◆ **WORK ORDER**
Within the data below, tally the lines that contain "where" and state only the total.

◆ **Dataset records**
lemma orth_deflation:
  fixes A W :: "real mat"
  assumes A: "A \<in> carrier_mat (Suc m) (Suc m)" and symA: "A\<^sup>T = A" and W: "orth_mat (Suc m) W"
    and eig: "A *\<^sub>v col W 0 = e \<cdot>\<^sub>v col W 0"
  shows "\<exists>C. C \<in> carrier_mat m m \<and> C\<^sup>T = C \<and>
           W\<^sup>T * A * W = four_block_mat (mat 1 1 (\<lambda>_. e)) (0\<^sub>m 1 m) (0\<^sub>m m 1) C"
proof (rule sym_first_col_block)
  let ?n = "Suc m"
  have Wc: "W \<in> carrier_mat ?n ?n" and WW: "W\<^sup>T * W = 1\<^sub>m ?n" using W unfolding orth_mat_def by auto
  have WTc: "W\<^sup>T \<in> carrier_mat ?n ?n" using Wc by auto
  show "W\<^sup>T * A * W \<in> carrier_mat ?n ?n" using Wc A by auto
  have "(W\<^sup>T * A * W)\<^sup>T = (A * W)\<^sup>T * W\<^sup>T\<^sup>T" using Wc A
    by (simp add: assoc_mult_mat[OF WTc A Wc] transpose_mult[of _ ?n ?n _ ?n])
  also have "\<dots> = W\<^sup>T * A * W" using Wc A symA by (simp add: transpose_mult[of _ ?n ?n _ ?n])
  finally show "(W\<^sup>T * A * W)\<^sup>T = W\<^sup>T * A * W" .
  have u: "col W 0 \<in> carrier_vec ?n" using Wc by (auto simp: col_def)
  have "col (W\<^sup>T * A * W) 0 = (W\<^sup>T * A) *\<^sub>v col W 0"
    by (rule col_mult2[of "W\<^sup>T * A" ?n ?n W ?n 0]) (use WTc A Wc in auto)
  also have "\<dots> = W\<^sup>T *\<^sub>v (A *\<^sub>v col W 0)"
    by (rule assoc_mult_mat_vec[OF WTc A u])
  also have "\<dots> = e \<cdot>\<^sub>v (W\<^sup>T *\<^sub>v col W 0)" unfolding eig by (rule mult_mat_vec[OF WTc u])
  also have "W\<^sup>T *\<^sub>v col W 0 = col (W\<^sup>T * W) 0"
    by (rule col_mult2[of "W\<^sup>T" ?n ?n W ?n 0, symmetric]) (use Wc in auto)
  finally show "col (W\<^sup>T * A * W) 0 = e \<cdot>\<^sub>v unit_vec ?n 0" unfolding WW by simp
qed

lemma real_sym_unit_eigenvector:
  fixes A :: "real mat"
  assumes A: "A \<in> carrier_mat n n" and sym: "A\<^sup>T = A" and n: "n > 0"
  shows "\<exists>e u. u \<in> carrier_vec n \<and> u \<bullet> u = 1 \<and> A *\<^sub>v u = e \<cdot>\<^sub>v u"
proof -
  obtain e v where v: "v \<in> carrier_vec n" "v \<noteq> 0\<^sub>v n" "A *\<^sub>v v = e \<cdot>\<^sub>v v"
    using real_sym_eigenvector[OF A sym n] by auto
  have vv: "v \<bullet> v > 0" using conjugate_square_greater_0_vec[OF v(1)] v(2) by (simp add: sprodc_real)
  define u where "u = (1 / sqrt (v \<bullet> v)) \<cdot>\<^sub>v v"
  have "u \<in> carrier_vec n" unfolding u_def using v by simp
  moreover have "u \<bullet> u = 1" unfolding u_def using v(1) vv
    by (simp add: smult_scalar_prod_distrib[OF v(1) v(1)] scalar_prod_smult_distrib[of _ n])
  moreover have "A *\<^sub>v u = e \<cdot>\<^sub>v u" unfolding u_def using v A
    by (auto simp: mult_mat_vec[OF A v(1)] smult_smult_assoc mult.commute)
  ultimately show ?thesis by blast
qed

lemma block_diag_conj:
  fixes Q F e1 :: "real mat"
  assumes Qc: "Q \<in> carrier_mat m m" and Fc: "F \<in> carrier_mat m m" and e1c: "e1 \<in> carrier_mat 1 1"
  shows "four_block_mat (1\<^sub>m 1) (0\<^sub>m 1 m) (0\<^sub>m m 1) Q * four_block_mat e1 (0\<^sub>m 1 m) (0\<^sub>m m 1) F
           * (four_block_mat (1\<^sub>m 1) (0\<^sub>m 1 m) (0\<^sub>m m 1) Q)\<^sup>T
         = four_block_mat e1 (0\<^sub>m 1 m) (0\<^sub>m m 1) (Q * F * Q\<^sup>T)"
proof -
  have ET: "(four_block_mat (1\<^sub>m 1) (0\<^sub>m 1 m) (0\<^sub>m m 1) Q)\<^sup>T
      = four_block_mat (1\<^sub>m 1) (0\<^sub>m 1 m) (0\<^sub>m m 1) Q\<^sup>T"
    by (subst transpose_four_block_mat[OF one_carrier_mat zero_carrier_mat zero_carrier_mat Qc]) auto
  have ED: "four_block_mat (1\<^sub>m 1) (0\<^sub>m 1 m) (0\<^sub>m m 1) Q * four_block_mat e1 (0\<^sub>m 1 m) (0\<^sub>m m 1) F
      = four_block_mat e1 (0\<^sub>m 1 m) (0\<^sub>m m 1) (Q * F)"
    by (subst mult_four_block_mat[OF one_carrier_mat zero_carrier_mat zero_carrier_mat Qc e1c
          zero_carrier_mat zero_carrier_mat Fc]) (use Qc Fc e1c in auto)
  show ?thesis unfolding ET ED
    by (subst mult_four_block_mat[OF e1c zero_carrier_mat zero_carrier_mat
          mult_carrier_mat[OF Qc Fc] one_carrier_mat zero_carrier_mat zero_carrier_mat
          transpose_carrier_mat[THEN iffD2, OF Qc]]) (use Qc Fc e1c in auto)
qed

◆ **RESULT OF THE TASK**
2